(Collected data)
★ ★ ★

lemma (in sigma_finite_measure) KL_mixture_density:
  fixes f g :: "'a \<Rightarrow> real"
  assumes [measurable]: "f \<in> borel_measurable M" "g \<in> borel_measurable M"
    and f_nonneg: "\<And>x. 0 \<le> f x" and g_nonneg: "\<And>x. 0 \<le> g x"
    and f_prob: "prob_space (density M f)" and g_int: "integrable M g"
  shows "KL_divergence (exp 1) (density M (\<lambda>x. (f x + g x) / 2)) (density M f)
    = ln 2 - (\<integral>x. share_loss (f x) (g x) \<partial>M)"
proof -
  have "KL_divergence (exp 1) (density M (\<lambda>x. (f x + g x) / 2)) (density M f)
      = (\<integral>x. f x * log (exp 1) (f x / ((f x + g x) / 2)) \<partial>M)"
    by (rule KL_density_density) (auto simp: f_nonneg g_nonneg add_nonneg_eq_0_iff)
  also have "\<dots> = (\<integral>x. f x * ln 2 - share_loss (f x) (g x) \<partial>M)"
    by (simp only: log_def ln_exp div_by_1 mult_ln_mixture_ratio[OF f_nonneg g_nonneg])
  also have "\<dots> = (\<integral>x. f x \<partial>M) * ln 2 - (\<integral>x. share_loss (f x) (g x) \<partial>M)"
    using prob_density_integral(1)[OF _ f_nonneg f_prob]
    by (subst Bochner_Integration.integral_diff)
       (auto intro!: Bochner_Integration.integrable_bound[OF g_int]
             simp: share_loss_nonneg share_loss_le f_nonneg g_nonneg)
  finally show ?thesis
    using prob_density_integral(2)[OF _ f_nonneg f_prob] by simp
qed

lemma (in sigma_finite_measure) JS_density_density:
  fixes f g :: "'a \<Rightarrow> real"
  assumes [measurable]: "f \<in> borel_measurable M" "g \<in> borel_measurable M"
    and f_nonneg: "\<And>x. 0 \<le> f x" and g_nonneg: "\<And>x. 0 \<le> g x"
    and f_prob: "prob_space (density M f)" and g_prob: "prob_space (density M g)"
  shows "JS (density M f) (density M g)
    = ln 2 - ((\<integral>x. share_loss (f x) (g x) \<partial>M) + (\<integral>x. share_loss (g x) (f x) \<partial>M)) / 2"
proof -
  have f_int: "integrable M f"
    by (rule prob_density_integral(1)[OF _ f_nonneg f_prob]) measurable
  have g_int: "integrable M g"
    by (rule prob_density_integral(1)[OF _ g_nonneg g_prob]) measurable
  have "(ennreal (g x) + ennreal (f x)) / 2 = ennreal ((g x + f x) / 2)" for x
    using f_nonneg[of x] g_nonneg[of x] by (subst divide_ennreal[symmetric]) (auto simp: ennreal_plus)
  then have "mix (density M g) (density M f) = density M (\<lambda>x. (g x + f x) / 2)"
    by (simp add: mix_density)
  moreover have "density M (\<lambda>x. (g x + f x) / 2) = density M (\<lambda>x. (f x + g x) / 2)"
    by (simp add: add.commute)
  ultimately show ?thesis
    using KL_mixture_density[OF _ _ f_nonneg g_nonneg f_prob g_int]
      KL_mixture_density[OF _ _ g_nonneg f_nonneg g_prob f_int]
    by (simp add: JS_def field_simps)
qed

locale gan_model =
  fixes p :: "'a::euclidean_space \<Rightarrow> real" and G :: "'a \<Rightarrow> 'a"
  assumes p_meas [measurable]: "p \<in> borel_measurable borel"
    and p_pos: "\<And>x. x \<in> unit_cube \<Longrightarrow> p x > 0"
    and p_zero: "\<And>x. x \<notin> unit_cube \<Longrightarrow> p x = 0"
    and p_prob: "prob_space (density lborel (\<lambda>x. ennreal (p x)))"
    and G_meas [measurable]: "G \<in> lam \<rightarrow>\<^sub>M lborel"
    and G_ac: "absolutely_continuous lborel (distr lam lborel G)"
begin

abbreviation "\<mu> \<equiv> density lborel (\<lambda>x. ennreal (p x))"
abbreviation "q \<equiv> gen_density G"

lemma p_nonneg: "0 \<le> p x"
  using p_pos[of x] p_zero[of x] by (cases "x \<in> unit_cube") auto

lemma distr_G_eq_density: "distr lam lborel G = density lborel (\<lambda>x. ennreal (q x))"
  by (rule distr_lam_eq_density_gen_density[OF G_meas G_ac])

lemma prob_space_gen_density: "prob_space (density lborel (\<lambda>x. ennreal (q x)))"
  unfolding distr_G_eq_density[symmetric] by (rule prob_space.prob_space_distr[OF prob_space_lam G_meas])

lemma JS_eq_share_loss:
  "JS \<mu> (distr lam lborel G) = ln 2 - ((\<integral>x. share_loss (p x) (q x) \<partial>lborel)
              + (\<integral>x. share_loss (q x) (p x) \<partial>lborel)) / 2"
  unfolding distr_G_eq_density
  by (rule sigma_finite_measure.JS_density_density[OF sigma_finite_lborel])
     (auto simp: p_nonneg gen_density_nonneg p_prob prob_space_gen_density)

★ ★ ★

◆ **PROBLEM REQUIREMENTS**
Reproduce all the records shown above, unchanged.

◆ **EXERCISE RESULT**
lemma (in sigma_finite_measure) KL_mixture_density:
  fixes f g :: "'a \<Rightarrow> real"
  assumes [measurable]: "f \<in> borel_measurable M" "g \<in> borel_measurable M"
    and f_nonneg: "\<And>x. 0 \<le> f x" and g_nonneg: "\<And>x. 0 \<le> g x"
    and f_prob: "prob_space (density M f)" and g_int: "integrable M g"
  shows "KL_divergence (exp 1) (density M (\<lambda>x. (f x + g x) / 2)) (density M f)
    = ln 2 - (\<integral>x. share_loss (f x) (g x) \<partial>M)"
proof -
  have "KL_divergence (exp 1) (density M (\<lambda>x. (f x + g x) / 2)) (density M f)
      = (\<integral>x. f x * log (exp 1) (f x / ((f x + g x) / 2)) \<partial>M)"
    by (rule KL_density_density) (auto simp: f_nonneg g_nonneg add_nonneg_eq_0_iff)
  also have "\<dots> = (\<integral>x. f x * ln 2 - share_loss (f x) (g x) \<partial>M)"
    by (simp only: log_def ln_exp div_by_1 mult_ln_mixture_ratio[OF f_nonneg g_nonneg])
  also have "\<dots> = (\<integral>x. f x \<partial>M) * ln 2 - (\<integral>x. share_loss (f x) (g x) \<partial>M)"
    using prob_density_integral(1)[OF _ f_nonneg f_prob]
    by (subst Bochner_Integration.integral_diff)
       (auto intro!: Bochner_Integration.integrable_bound[OF g_int]
             simp: share_loss_nonneg share_loss_le f_nonneg g_nonneg)
  finally show ?thesis
    using prob_density_integral(2)[OF _ f_nonneg f_prob] by simp
qed

lemma (in sigma_finite_measure) JS_density_density:
  fixes f g :: "'a \<Rightarrow> real"
  assumes [measurable]: "f \<in> borel_measurable M" "g \<in> borel_measurable M"
    and f_nonneg: "\<And>x. 0 \<le> f x" and g_nonneg: "\<And>x. 0 \<le> g x"
    and f_prob: "prob_space (density M f)" and g_prob: "prob_space (density M g)"
  shows "JS (density M f) (density M g)
    = ln 2 - ((\<integral>x. share_loss (f x) (g x) \<partial>M) + (\<integral>x. share_loss (g x) (f x) \<partial>M)) / 2"
proof -
  have f_int: "integrable M f"
    by (rule prob_density_integral(1)[OF _ f_nonneg f_prob]) measurable
  have g_int: "integrable M g"
    by (rule prob_density_integral(1)[OF _ g_nonneg g_prob]) measurable
  have "(ennreal (g x) + ennreal (f x)) / 2 = ennreal ((g x + f x) / 2)" for x
    using f_nonneg[of x] g_nonneg[of x] by (subst divide_ennreal[symmetric]) (auto simp: ennreal_plus)
  then have "mix (density M g) (density M f) = density M (\<lambda>x. (g x + f x) / 2)"
    by (simp add: mix_density)
  moreover have "density M (\<lambda>x. (g x + f x) / 2) = density M (\<lambda>x. (f x + g x) / 2)"
    by (simp add: add.commute)
  ultimately show ?thesis
    using KL_mixture_density[OF _ _ f_nonneg g_nonneg f_prob g_int]
      KL_mixture_density[OF _ _ g_nonneg f_nonneg g_prob f_int]
    by (simp add: JS_def field_simps)
qed

locale gan_model =
  fixes p :: "'a::euclidean_space \<Rightarrow> real" and G :: "'a \<Rightarrow> 'a"
  assumes p_meas [measurable]: "p \<in> borel_measurable borel"
    and p_pos: "\<And>x. x \<in> unit_cube \<Longrightarrow> p x > 0"
    and p_zero: "\<And>x. x \<notin> unit_cube \<Longrightarrow> p x = 0"
    and p_prob: "prob_space (density lborel (\<lambda>x. ennreal (p x)))"
    and G_meas [measurable]: "G \<in> lam \<rightarrow>\<^sub>M lborel"
    and G_ac: "absolutely_continuous lborel (distr lam lborel G)"
begin

abbreviation "\<mu> \<equiv> density lborel (\<lambda>x. ennreal (p x))"
abbreviation "q \<equiv> gen_density G"

lemma p_nonneg: "0 \<le> p x"
  using p_pos[of x] p_zero[of x] by (cases "x \<in> unit_cube") auto

lemma distr_G_eq_density: "distr lam lborel G = density lborel (\<lambda>x. ennreal (q x))"
  by (rule distr_lam_eq_density_gen_density[OF G_meas G_ac])

lemma prob_space_gen_density: "prob_space (density lborel (\<lambda>x. ennreal (q x)))"
  unfolding distr_G_eq_density[symmetric] by (rule prob_space.prob_space_distr[OF prob_space_lam G_meas])

lemma JS_eq_share_loss:
  "JS \<mu> (distr lam lborel G) = ln 2 - ((\<integral>x. share_loss (p x) (q x) \<partial>lborel)
              + (\<integral>x. share_loss (q x) (p x) \<partial>lborel)) / 2"
  unfolding distr_G_eq_density
  by (rule sigma_finite_measure.JS_density_density[OF sigma_finite_lborel])
     (auto simp: p_nonneg gen_density_nonneg p_prob prob_space_gen_density)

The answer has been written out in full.